Corporate bond markets have continued to take advantage of the relative improvement in expectations dominating the world’s financial markets. As in the previous month, in October private debt activity was characterized by two aspects. The first, the fall in spreads of the main indices. The second, the continuing large volumes of emissions and purchases.
In the first nine months of the year, the global volume of corporate bonds issued was 6% higher than the figure for the same period a year ago. In the United States, improved monetary conditions related to the Fed’s QE as well as the recovery in sustainable growth prospects have pushed private investors to look for assets with a more aggressive yield and risk profile, such as high yield bonds. Many firms, taking advantage of this renewed appetite for risk, have intensified the rate they issue debt and at very low financing costs, in some sector even surpassing the financing requirements and therefore accumulating liquidity.
However, the most significant news comes from the euro area. Europe’s primary market continues to benefit from the window of opportunity opened up by the European Central Bank after its meeting on 6 September.
On that occasion, in addition to committing itself to providing financial support to economies in difficulty, the institution also relaxed rules on the collateral banks can discount at the ECB. In fact, given the improved expectations of success for the euro area’s monetary and fiscal union, companies have resorted to these markets in search for financing under affordable conditions.
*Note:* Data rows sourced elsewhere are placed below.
lemma strip_re_strict_mono_on_level_set:
  assumes t: "0 < t" "t < 1" and X: "0 < X1" "X1 < X2"
    and Y: "0 < Y1" "Y1 < pi/2" "0 < Y2" "Y2 < pi/2"
    and eq: "strip_im t X1 Y1 = strip_im t X2 Y2"
  shows "strip_re t X1 Y1 < strip_re t X2 Y2"
proof -
  have "Y2 < Y1" using strip_im_level_set_antimono[OF assms] .
  define c where "c = strip_im t X1 Y1"
  define R where "R = (\<lambda>Y. (c - (1 - t) * Y) / (t * sin Y))"
  have R_eq: "R Y1 = cosh X1" "R Y2 = cosh X2"
    using t Y sin_gt_zero[of Y1] sin_gt_zero[of Y2] eq
    by (simp_all add: R_def c_def strip_im_def field_simps)
  have R_gt_1: "R Y > 1" if "Y2 \<le> Y" "Y \<le> Y1" for Y
  proof -
    have "sin Y > 0" using Y that by (intro sin_gt_zero) auto
    have "sin Y \<le> sin Y1" using Y that by (intro sin_monotone_2pi_le) auto
    have "c - (1 - t) * Y1 = t * cosh X1 * sin Y1" by (simp add: c_def strip_im_def)
    then have "c - (1 - t) * Y1 > 0" using t Y by (simp add: sin_gt_zero)
    moreover have "(1 - t) * Y \<le> (1 - t) * Y1" using that t by (simp add: mult_left_mono)
    ultimately have "0 \<le> c - (1 - t) * Y" "c - (1 - t) * Y1 \<le> c - (1 - t) * Y" by linarith+
    moreover have "0 < t * sin Y" "t * sin Y \<le> t * sin Y1"
      using t \<open>sin Y > 0\<close> \<open>sin Y \<le> sin Y1\<close> by simp_all
    ultimately have "R Y1 \<le> R Y" unfolding R_def by (rule frac_le)
    moreover have "cosh X1 > 1" using X cosh_real_nonneg_less_iff[of 0 X1] by simp
    ultimately show ?thesis using R_eq by simp
  qed
  have "strip_re t (arcosh (R Y1)) Y1 < strip_re t (arcosh (R Y2)) Y2"
  proof (rule DERIV_neg_imp_decreasing[OF \<open>Y2 < Y1\<close>])
    fix Y assume "Y2 \<le> Y" "Y \<le> Y1"
    with Y R_gt_1
    show "\<exists>D. ((\<lambda>Y. strip_re t (arcosh (R Y)) Y) has_real_derivative D) (at Y) \<and> D < 0"
      unfolding R_def by (intro strip_re_level_curve_has_neg_derivative t) auto
  qed
  then show ?thesis using X R_eq by (simp add: arcosh_cosh_real)
qed

lemma strip_inj:
  assumes t: "0 \<le> t" "t \<le> 1" and Y: "\<bar>Y1\<bar> < pi/2" "\<bar>Y2\<bar> < pi/2"
    and eq_re: "strip_re t X1 Y1 = strip_re t X2 Y2"
    and eq_im: "strip_im t X1 Y1 = strip_im t X2 Y2"
  shows "X1 = X2 \<and> Y1 = Y2"
proof -
  have Y_eq: "Y1 = Y2" if "X1 = X2"
    using strip_im_strict_mono_right[OF t Y, of X1] strip_im_strict_mono_right[OF t Y(2,1), of X1]
      eq_im that
    by (cases Y1 Y2 rule: linorder_cases) auto
  have X_eq: "X1 = X2" if "Y1 = Y2"
    using strip_re_strict_mono_left[OF t Y(1), of X1 X2] strip_re_strict_mono_left[OF t Y(1), of X2 X1]
      eq_re that
    by (cases X1 X2 rule: linorder_cases) auto
  have "X1 = X2"
  proof (rule ccontr)
    assume "X1 \<noteq> X2"
    then have "t \<noteq> 0" "t \<noteq> 1" "Y1 \<noteq> Y2" using X_eq eq_re eq_im
      by (auto simp: strip_re_def strip_im_def)
    have sgn_X: "sgn X1 = sgn X2"
      using sgn_strip_re[OF t Y(1), of X1] sgn_strip_re[OF t Y(2), of X2] eq_re by simp
    have sgn_Y: "sgn Y1 = sgn Y2"
      using sgn_strip_im[OF t Y(1), of X1] sgn_strip_im[OF t Y(2), of X2] eq_im by simp
    have "\<bar>X1\<bar> \<noteq> \<bar>X2\<bar>" using \<open>X1 \<noteq> X2\<close> sgn_X by (auto simp: abs_if sgn_if split: if_splits)
    moreover have "X1 \<noteq> 0" "X2 \<noteq> 0" using sgn_X \<open>X1 \<noteq> X2\<close> by (auto simp: sgn_if split: if_splits)
    moreover have "Y1 \<noteq> 0" "Y2 \<noteq> 0" using sgn_Y \<open>Y1 \<noteq> Y2\<close> by (auto simp: sgn_if split: if_splits)
    moreover have "strip_re t (\<bar>X1\<bar>) (\<bar>Y1\<bar>) = strip_re t (\<bar>X2\<bar>) (\<bar>Y2\<bar>)"
      "strip_im t (\<bar>X1\<bar>) (\<bar>Y1\<bar>) = strip_im t (\<bar>X2\<bar>) (\<bar>Y2\<bar>)"
      using eq_re eq_im strip_re_abs_abs[OF t Y(1), of X1] strip_re_abs_abs[OF t Y(2), of X2]
        strip_im_abs_abs[OF t Y(1), of X1] strip_im_abs_abs[OF t Y(2), of X2] by simp_all
    ultimately show False
      using t \<open>t \<noteq> 0\<close> \<open>t \<noteq> 1\<close> Y
        strip_re_strict_mono_on_level_set[of t "\<bar>X1\<bar>" "\<bar>X2\<bar>" "\<bar>Y1\<bar>" "\<bar>Y2\<bar>"]
        strip_re_strict_mono_on_level_set[of t "\<bar>X2\<bar>" "\<bar>X1\<bar>" "\<bar>Y2\<bar>" "\<bar>Y1\<bar>"]
      by (cases "\<bar>X1\<bar>" "\<bar>X2\<bar>" rule: linorder_cases) auto
  qed
  with Y_eq show ?thesis by simp
qed

lemma Re_Cayley: "Re ((1 + z) / (1 - z)) = (1 - (norm z)\<^sup>2) / (norm (1 - z))\<^sup>2"
  by (simp add: Re_divide cmod_power2) (simp add: power2_eq_square algebra_simps)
During October, this trend consolidated, of note being the rise in emissions by companies from peripheral countries and their good acceptance by international investors.
In this section we must also mention the revision carried out by Standard & Poor’s and Moody’s of the credit rating for Spain’s financial system. Both agencies, after announcing that they were leaving Spain’s sovereign debt rating one notch above «junk bonds», have lowered the rating of several banks but not as much as had been feared. In their opinion, Spain’s three main banks deserve an investment grade rating, something that provides significant support for the senior debt spread in the short and medium term.